Reading the Snowflake docs made me think about the role of a database administrator with Snowflake. Is there a role? Of course, since I have been an Oracle DBA for over 20 years I have a vested interest in keeping my job. But, it’s not like Oracle is going away. There are a bazillion Oracle systems out there and if all the new students coming into the work force decide to shy away from Oracle that leaves more for me to support the rest of my career. But, I’m not in love with Oracle or even SQL databases or database technology. Working with Oracle and especially in performance tuning has given me a way to use my computer science background and Oracle has challenged me to learn new things and solve difficult problems.
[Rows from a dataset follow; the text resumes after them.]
lemma tsk_expected_error_bound:
  fixes A :: "real^'n^'m" and x x0 :: "real^'n" and w :: "real^'m"
  assumes m: "CARD('m) \<ge> 2"
    and unit: "\<And>i. norm (A$i) = 1"
    and coh: "\<And>r s. r \<noteq> s \<Longrightarrow> \<bar>inner (A$r) (A$s)\<bar> \<le> \<Delta>" and "0 \<le> \<Delta>" "\<Delta> < 1"
    and noise: "\<And>i. \<bar>w$i\<bar> \<le> W"
    and gain: "\<And>d. real (card (off_diagonal :: ('m \<times> 'm) set)) * (1 - \<eta>) * norm d^2
                     \<le> (\<Sum>p\<in>off_diagonal. pair_gain A d p)"
    and "0 \<le> \<eta>" "\<eta> < 1"
  shows "measure_pmf.expectation (tsk_dist A (A *v x + w) x0 k) (\<lambda>xk. norm (x - xk))
           \<le> sqrt \<eta> ^ k * norm (x - x0) + 3 * W / sqrt (1 - \<Delta>^2) / (1 - sqrt \<eta>)"
proof -
  define e where "e k = measure_pmf.expectation (tsk_dist A (A *v x + w) x0 k) (\<lambda>xk. norm (x - xk))"
    for k
  have "e (Suc k) \<le> sqrt \<eta> * e k + 3 * W / sqrt (1 - \<Delta>^2)" for k
    unfolding e_def
    by (rule expectation_tsk_dist_Suc_le) (rule expected_tsk_step[OF m unit coh \<open>\<Delta> < 1\<close> noise gain])
  moreover have "0 \<le> 3 * W / sqrt (1 - \<Delta>^2)"
    using noise[of undefined] \<open>0 \<le> \<Delta>\<close> \<open>\<Delta> < 1\<close>
    by (intro divide_nonneg_nonneg) (auto simp: abs_square_le_1)
  ultimately have "e k \<le> sqrt \<eta> ^ k * e 0 + 3 * W / sqrt (1 - \<Delta>^2) / (1 - sqrt \<eta>)"
    using \<open>0 \<le> \<eta>\<close> \<open>\<eta> < 1\<close> by (intro affine_recursion_bound) auto
  then show ?thesis by (simp add: e_def)
qed
(* Let $\alpha\in(0,1)$, let $A=\alpha/\sum_{k=2}^\infty\frac{1}{k(\log k)^2}$, and set $\alpha_1=0$, $\alpha_k=A/[k(\log k)^2]$ for $k>1$ (so $\sum_k\alpha_k=\alpha$). Let $(Z_k)_{k\in\mathbb N}$ be independent with $Z_k\sim N(\mu_k,1)$, where for $k>1$ all hypotheses are non-null with $\mu_k=(\log k)^{-1/c}$ for some fixed $c>2$, and let $p_k=1-\Phi(Z_k)$. Then the online Bonferroni test, which rejects iff there exists $k\in\mathbb N$ with $p_k\le\alpha_k$, has power one, i.e. $\mathbb P(\exists k\in\mathbb N:\ p_k\le\alpha_k)=1$.
   Context: $\Phi$ is the standard Gaussian CDF. *)

theory Defs
  imports "HOL-Probability.Probability"
begin

definition Phi :: "real \<Rightarrow> real" where
  "Phi x = cdf std_normal_distribution x"

definition bonf_A :: "real \<Rightarrow> real" where
  "bonf_A \<alpha> = \<alpha> / (\<Sum>k. if k < 2 then 0 else 1 / (real k * (ln (real k))\<^sup>2))"

definition bonf_alpha :: "real \<Rightarrow> nat \<Rightarrow> real" where
  "bonf_alpha \<alpha> k = (if k \<le> 1 then 0 else bonf_A \<alpha> / (real k * (ln (real k))\<^sup>2))"

definition bonf_mu :: "real \<Rightarrow> real \<Rightarrow> nat \<Rightarrow> real" where
  "bonf_mu \<mu>1 c k = (if k \<le> 1 then \<mu>1 else (ln (real k)) powr (- 1 / c))"

end

theory Submission
  imports Defs "HOL-Real_Asymp.Real_Asymp"
begin

text \<open>
  With the threshold t_k = sqrt (2 ln (1 / alpha_k)), the Gaussian tail bound
  1 - Phi t <= exp (- t^2 / 2) shows that Z_k >= t_k forces a rejection at step k.
  Bounding the normal density from below on [t_k, t_k + 1 / t_k] gives
  P(Z_k >= t_k) >= alpha_k exp (t_k mu_k - 2) / (t_k sqrt (2 pi)), and since t_k mu_k grows
  like (ln k)^(1/2 - 1/c), which beats ln ln k precisely because c > 2, this is eventually at
  least 1 / (k ln k), whose sum diverges. The events {Z_k >= t_k} are independent, so by the
  divergence half of the Borel-Cantelli lemma one of them occurs almost surely.
\<close>

lemma summable_inverse_mult_ln_powr_iff:
  assumes "0 \<le> p"
  shows "summable (\<lambda>k::nat. 1 / (real k * ln (real k) powr p)) \<longleftrightarrow> 1 < p"
proof -
  define g where "g n = 1 / (real (max n 2) * ln (real (max n 2)) powr p)" for n :: nat
  have g_nonneg: "0 \<le> g n" for n
    unfolding g_def by simp
  have g_decreasing: "g (Suc n) \<le> g n" for n
    unfolding g_def using assms
    by (intro divide_left_mono mult_mono powr_mono2 mult_pos_pos) auto
  have g_condensed: "2 ^ n * g (2 ^ n) = real n powr (- p) / ln 2 powr p" if "1 \<le> n" for n
  proof -
    have "max (2 ^ n) 2 = (2::nat) ^ n"
      using power_increasing[OF that, of "2::nat"] by simp
    then show ?thesis
      using that by (simp add: g_def ln_realpow powr_mult powr_minus_divide)
  qed
  have "summable (\<lambda>k::nat. 1 / (real k * ln (real k) powr p)) \<longleftrightarrow> summable g"
    by (intro summable_cong eventually_mono[OF eventually_ge_at_top[of 2]]) (simp add: g_def max_def)
  also have "\<dots> \<longleftrightarrow> summable (\<lambda>n. 2 ^ n * g (2 ^ n))"
    using g_decreasing g_nonneg by (rule condensation_test)
  also have "\<dots> \<longleftrightarrow> summable (\<lambda>n. real n powr (- p) / ln 2 powr p)"
    by (intro summable_cong eventually_mono[OF eventually_ge_at_top[of 1]] g_condensed)
  also have "\<dots> \<longleftrightarrow> - p < - 1"
    by (simp add: summable_real_powr_iff)
  finally show ?thesis
    by linarith
qed

lemma not_summable_inverse_mult_ln: "\<not> summable (\<lambda>k::nat. 1 / (real k * ln (real k)))"
proof -
  have "\<bar>ln (real k)\<bar> = ln (real k)" for k :: nat
    by (cases "k = 0") simp_all
  then show ?thesis
    using summable_inverse_mult_ln_powr_iff[of 1] by simp
qed

lemma one_minus_Phi_le_exp:
  assumes "0 \<le> s"
  shows "1 - Phi s \<le> exp (- s\<^sup>2 / 2)"
proof -
  interpret N: real_distribution std_normal_distribution
    by (rule real_dist_normal_dist)
  have density_le: "std_normal_density x \<le> exp (- s\<^sup>2 / 2) * normal_density s 1 x" if "s \<le> x" for x
  proof -
    have "- x\<^sup>2 / 2 \<le> - s\<^sup>2 / 2 + - (x - s)\<^sup>2 / 2"
      using mult_nonneg_nonneg[OF assms, of "x - s"] that by (simp add: power2_eq_square algebra_simps)
    then show ?thesis
      by (simp add: normal_density_def mult_exp_exp divide_right_mono)
  qed
  have "1 - Phi s = N.prob (space std_normal_distribution - {..s})"
    unfolding Phi_def cdf_def2 by (rule N.prob_compl[symmetric]) simp
  also have "space std_normal_distribution - {..s} = {s<..}"
    by auto
  finally have "ennreal (1 - Phi s) = emeasure std_normal_distribution {s<..}"
    by (simp add: N.emeasure_eq_measure)
  also have "\<dots> = (\<integral>\<^sup>+x. ennreal (std_normal_density x) * indicator {s<..} x \<partial>lborel)"
    by (rule emeasure_density) auto
  also have "\<dots> \<le> (\<integral>\<^sup>+x. ennreal (exp (- s\<^sup>2 / 2)) * ennreal (normal_density s 1 x) \<partial>lborel)"
    using density_le by (intro nn_integral_mono) (auto simp: ennreal_mult''[symmetric] indicator_def)
  also have "\<dots> = ennreal (exp (- s\<^sup>2 / 2)) * ennreal (\<integral>x. normal_density s 1 x \<partial>lborel)"
    by (simp add: nn_integral_cmult nn_integral_eq_integral)
  finally show ?thesis
    by (simp add: ennreal_le_iff[symmetric] del: ennreal_le_iff)
qed

lemma mono_Phi: "mono Phi"
proof -
  interpret real_distribution std_normal_distribution
    by (rule real_dist_normal_dist)
  show ?thesis
    unfolding mono_def Phi_def by (blast intro: cdf_nondecreasing)
qed

lemma borel_measurable_Phi: "Phi \<in> borel_measurable borel"
  using mono_Phi by (rule borel_measurable_mono)

definition tail_threshold :: "real \<Rightarrow> real" where
  "tail_threshold a = sqrt (2 * ln (1 / a))"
I could move away from Oracle into other areas where I could use computer science and work on interesting and challenging problems. I can see using my computer science, performance tuning, and technical problem solving skills with Snowflake. Companies need people like myself who understand Oracle internals – or at least who are pursuing an understanding of it. Oracle is proprietary and complicated. Someone outside of Oracle probably can not know everything about it. It seems that people who understand Snowflake’s design may have a role to play. I don’t want to get off on a tangent but I think that people tend to overestimate what Oracle can do automatically. With large amounts of data and challenging requirements you need some human intervention by people who really understand what’s going on. I would think that the same would be true with Snowflake. You need people who understand why some queries are slow and how to improve their performance. There are not as many knobs to turn in Snowflake. Hardly any really. But there is clustering: url. You also get to choose which columns fit into which tables and the order in which you load the data, like you can on any SQL database. Snowflake exposes execution plans and has execution statistics: url1,url2,url3. So, it seems that Snowflake has taken away a lot of the traditional DBA tasks but my impression is that there is still a role for someone who can dig into the internals and figure out how to make things go faster and help resolve problems.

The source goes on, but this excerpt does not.